Stored data entries
(* For every $\varepsilon > 0$, on any instance of MDMS the algorithm $\mathrm{GIST}(V, g, k, \varepsilon)$ outputs a set $S \subseteq V$ with $|S| \le k$ and $$f(S) \ge \left(\tfrac{1}{2} - \varepsilon\right)\cdot \mathrm{OPT},$$ and it uses $O(nk \log_{1+\varepsilon}(1/\varepsilon))$ value-oracle queries to $g$.
   Context: Let $V$ be a finite set of $n$ points in a metric space with metric $\mathrm{dist}$, and let $d_{\max} = \max_{u,v \in V}\mathrm{dist}(u,v)$. For $u \in V$ and $S \subseteq V$ let $\mathrm{dist}(u,S) = \min_{v \in S}\mathrm{dist}(u,v)$, with $\mathrm{dist}(u,\emptyset) = \infty$. The max-min diversity is $\mathrm{div}(S) = \min_{u,v \in S,\, u \ne v}\mathrm{dist}(u,v)$ if $|S| \ge 2$, and $\mathrm{div}(S) = d_{\max}$ if $|S| \le 1$. Let $g : 2^V \to \mathbb{R}_{\ge 0}$ be a nonnegative monotone submodular function (accessed via a value oracle), let $\lambda \ge 0$, let $k \ge 1$ be an integer, and let $f(S) = g(S) + \lambda\cdot \mathrm{div}(S)$. The MDMS problem is to maximize $f(S)$ subject to $S \subseteq V$, $|S| \le k$; $\mathrm{OPT}$ denotes the optimal value. $\mathrm{GreedyIndependentSet}(V,g,d,k)$: initialize $S \gets \emptyset$; for $i = 1,\dots,k$: let $C = \{v \in V\setminus S : \mathrm{dist}(v,S) \ge d\}$; if $C = \emptyset$ return $S$; otherwise pick $t \in \arg\max_{v \in C} \big(g(S\cup\{v\}) - g(S)\big)$ (ties broken arbitrarily) and set $S \gets S \cup\{t\}$. After the loop, return $S$. $\mathrm{GIST}(V,g,k,\varepsilon)$: set $S \gets \mathrm{GreedyIndependentSet}(V,g,0,k)$. Let $T = \{u,v\}$ be two points with $\mathrm{dist}(u,v) = d_{\max}$; if $f(T) > f(S)$ and $k \ge 2$, set $S \gets T$. Let $D = \{(1+\varepsilon)^i \cdot \varepsilon d_{\max}/2 : i \in \mathbb{Z}_{\ge 0},\ (1+\varepsilon)^i \le 2/\varepsilon\}$. For each $d \in D$: set $T \gets \mathrm{GreedyIndependentSet}(V,g,d,k)$ and if $f(T) \ge f(S)$ set $S \gets T$. Return $S$. *)

theory Defs
  imports "HOL-Analysis.Analysis"
begin

definition metric_on :: "'a set \<Rightarrow> ('a \<Rightarrow> 'a \<Rightarrow> real) \<Rightarrow> bool" where
  "metric_on V dst \<longleftrightarrow>
     (\<forall>u\<in>V. \<forall>v\<in>V. dst u v \<ge> 0 \<and> (dst u v = 0 \<longleftrightarrow> u = v) \<and> dst u v = dst v u) \<and>
     (\<forall>u\<in>V. \<forall>v\<in>V. \<forall>w\<in>V. dst u w \<le> dst u v + dst v w)"

definition nonneg_monotone_submodular :: "'a set \<Rightarrow> ('a set \<Rightarrow> real) \<Rightarrow> bool" where
  "nonneg_monotone_submodular V g \<longleftrightarrow>
     (\<forall>A. A \<subseteq> V \<longrightarrow> g A \<ge> 0) \<and>
     (\<forall>A B. A \<subseteq> B \<and> B \<subseteq> V \<longrightarrow> g A \<le> g B) \<and>
     (\<forall>A B x. A \<subseteq> B \<and> B \<subseteq> V \<and> x \<in> V - B \<longrightarrow>
        g (insert x A) - g A \<ge> g (insert x B) - g B)"

definition mdms_instance ::
  "'a set \<Rightarrow> ('a \<Rightarrow> 'a \<Rightarrow> real) \<Rightarrow> ('a set \<Rightarrow> real) \<Rightarrow> real \<Rightarrow> nat \<Rightarrow> bool" where
  "mdms_instance V dst g lam k \<longleftrightarrow>
     finite V \<and> V \<noteq> {} \<and> metric_on V dst \<and> nonneg_monotone_submodular V g \<and> lam \<ge> 0 \<and> k \<ge> 1"

definition dmax :: "'a set \<Rightarrow> ('a \<Rightarrow> 'a \<Rightarrow> real) \<Rightarrow> real" where
  "dmax V dst = Max {dst u v | u v. u \<in> V \<and> v \<in> V}"

definition dist_set :: "('a \<Rightarrow> 'a \<Rightarrow> real) \<Rightarrow> 'a \<Rightarrow> 'a set \<Rightarrow> ereal" where
  "dist_set dst u S = (if S = {} then \<infinity> else ereal (Min (dst u ` S)))"

definition div_mm :: "'a set \<Rightarrow> ('a \<Rightarrow> 'a \<Rightarrow> real) \<Rightarrow> 'a set \<Rightarrow> real" where
  "div_mm V dst S = (if card S \<ge> 2 then Min {dst u v | u v. u \<in> S \<and> v \<in> S \<and> u \<noteq> v}
                     else dmax V dst)"

definition mdms_f ::
  "'a set \<Rightarrow> ('a \<Rightarrow> 'a \<Rightarrow> real) \<Rightarrow> ('a set \<Rightarrow> real) \<Rightarrow> real \<Rightarrow> 'a set \<Rightarrow> real" where
  "mdms_f V dst g lam S = g S + lam * div_mm V dst S"

definition mdms_opt ::
  "'a set \<Rightarrow> ('a \<Rightarrow> 'a \<Rightarrow> real) \<Rightarrow> ('a set \<Rightarrow> real) \<Rightarrow> real \<Rightarrow> nat \<Rightarrow> real" where
  "mdms_opt V dst g lam k = Max (mdms_f V dst g lam ` {S. S \<subseteq> V \<and> card S \<le> k})"

definition gis_cands :: "'a set \<Rightarrow> ('a \<Rightarrow> 'a \<Rightarrow> real) \<Rightarrow> real \<Rightarrow> 'a set \<Rightarrow> 'a set" where
  "gis_cands V dst r S = {v \<in> V - S. dist_set dst v S \<ge> ereal r}"

text \<open>\<open>gis_run V g dst r k S i S' q\<close>: started in state S after i completed iterations,
  the loop may terminate with output S' having made q value-oracle queries to g.
  An iteration with nonempty candidate set C queries g(S) and g(S \<union> {v}) for all v in C.\<close>
inductive gis_run ::
  "'a set \<Rightarrow> ('a set \<Rightarrow> real) \<Rightarrow> ('a \<Rightarrow> 'a \<Rightarrow> real) \<Rightarrow> real \<Rightarrow> nat \<Rightarrow>
   'a set \<Rightarrow> nat \<Rightarrow> 'a set \<Rightarrow> nat \<Rightarrow> bool"
  for V g dst r k where
  done_loop: "\<not> i < k \<Longrightarrow> gis_run V g dst r k S i S 0"
| no_cands: "i < k \<Longrightarrow> gis_cands V dst r S = {} \<Longrightarrow> gis_run V g dst r k S i S 0"
| step: "i < k \<Longrightarrow> gis_cands V dst r S \<noteq> {} \<Longrightarrow> t \<in> gis_cands V dst r S \<Longrightarrow>
         (\<forall>v\<in>gis_cands V dst r S. g (insert v S) - g S \<le> g (insert t S) - g S) \<Longrightarrow>
         gis_run V g dst r k (insert t S) (Suc i) S' q \<Longrightarrow>
         gis_run V g dst r k S i S' (q + card (gis_cands V dst r S) + 1)"

definition greedy_indep_set ::
  "'a set \<Rightarrow> ('a set \<Rightarrow> real) \<Rightarrow> ('a \<Rightarrow> 'a \<Rightarrow> real) \<Rightarrow> real \<Rightarrow> nat \<Rightarrow> 'a set \<Rightarrow> nat \<Rightarrow> bool" where
  "greedy_indep_set V g dst r k S q \<longleftrightarrow> gis_run V g dst r k {} 0 S q"

definition gist_D :: "'a set \<Rightarrow> ('a \<Rightarrow> 'a \<Rightarrow> real) \<Rightarrow> real \<Rightarrow> real set" where
  "gist_D V dst \<epsilon> = {(1 + \<epsilon>) ^ i * \<epsilon> * dmax V dst / 2 | i::nat. (1 + \<epsilon>) ^ i \<le> 2 / \<epsilon>}"

text \<open>The loop over the thresholds d (in the order given by the list); each comparison
  f(T) \<ge> f(S) costs two oracle queries (g(T) and g(S)).\<close>
inductive gist_loop ::
  "'a set \<Rightarrow> ('a set \<Rightarrow> real) \<Rightarrow> ('a \<Rightarrow> 'a \<Rightarrow> real) \<Rightarrow> real \<Rightarrow> nat \<Rightarrow>
   real list \<Rightarrow> 'a set \<Rightarrow> 'a set \<Rightarrow> nat \<Rightarrow> bool"
  for V g dst lam k where
  nil: "gist_loop V g dst lam k [] S S 0"
| cons: "greedy_indep_set V g dst d k T qT \<Longrightarrow>
         gist_loop V g dst lam k ds
           (if mdms_f V dst g lam T \<ge> mdms_f V dst g lam S then T else S) S' q \<Longrightarrow>
         gist_loop V g dst lam k (d # ds) S S' (qT + 2 + q)"

text \<open>Possible executions of GIST(V,g,k,eps): any tie-breaking in the greedy steps, any choice
  of a diametral pair, and any order of iterating over D.\<close>
definition gist ::
  "'a set \<Rightarrow> ('a set \<Rightarrow> real) \<Rightarrow> ('a \<Rightarrow> 'a \<Rightarrow> real) \<Rightarrow> real \<Rightarrow> nat \<Rightarrow> real \<Rightarrow> 'a set \<Rightarrow> nat \<Rightarrow> bool" where
  "gist V g dst lam k \<epsilon> S q \<longleftrightarrow>
     (\<exists>S0 q0 u v ds q1.
        greedy_indep_set V g dst 0 k S0 q0 \<and>
        u \<in> V \<and> v \<in> V \<and> dst u v = dmax V dst \<and>
        distinct ds \<and> set ds = gist_D V dst \<epsilon> \<and>
        gist_loop V g dst lam k ds
          (if mdms_f V dst g lam {u, v} > mdms_f V dst g lam S0 \<and> k \<ge> 2 then {u, v} else S0)
          S q1 \<and>
        q = q0 + 2 + q1)"

end

theory Submission
  imports Defs
begin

* About this task *
List every line above containing the word "longleftrightarrow".

* Expected answer *
  "metric_on V dst \<longleftrightarrow>
     (\<forall>u\<in>V. \<forall>v\<in>V. dst u v \<ge> 0 \<and> (dst u v = 0 \<longleftrightarrow> u = v) \<and> dst u v = dst v u) \<and>
  "nonneg_monotone_submodular V g \<longleftrightarrow>
  "mdms_instance V dst g lam k \<longleftrightarrow>
  "greedy_indep_set V g dst r k S q \<longleftrightarrow> gis_run V g dst r k {} 0 S q"
  "gist V g dst lam k \<epsilon> S q \<longleftrightarrow>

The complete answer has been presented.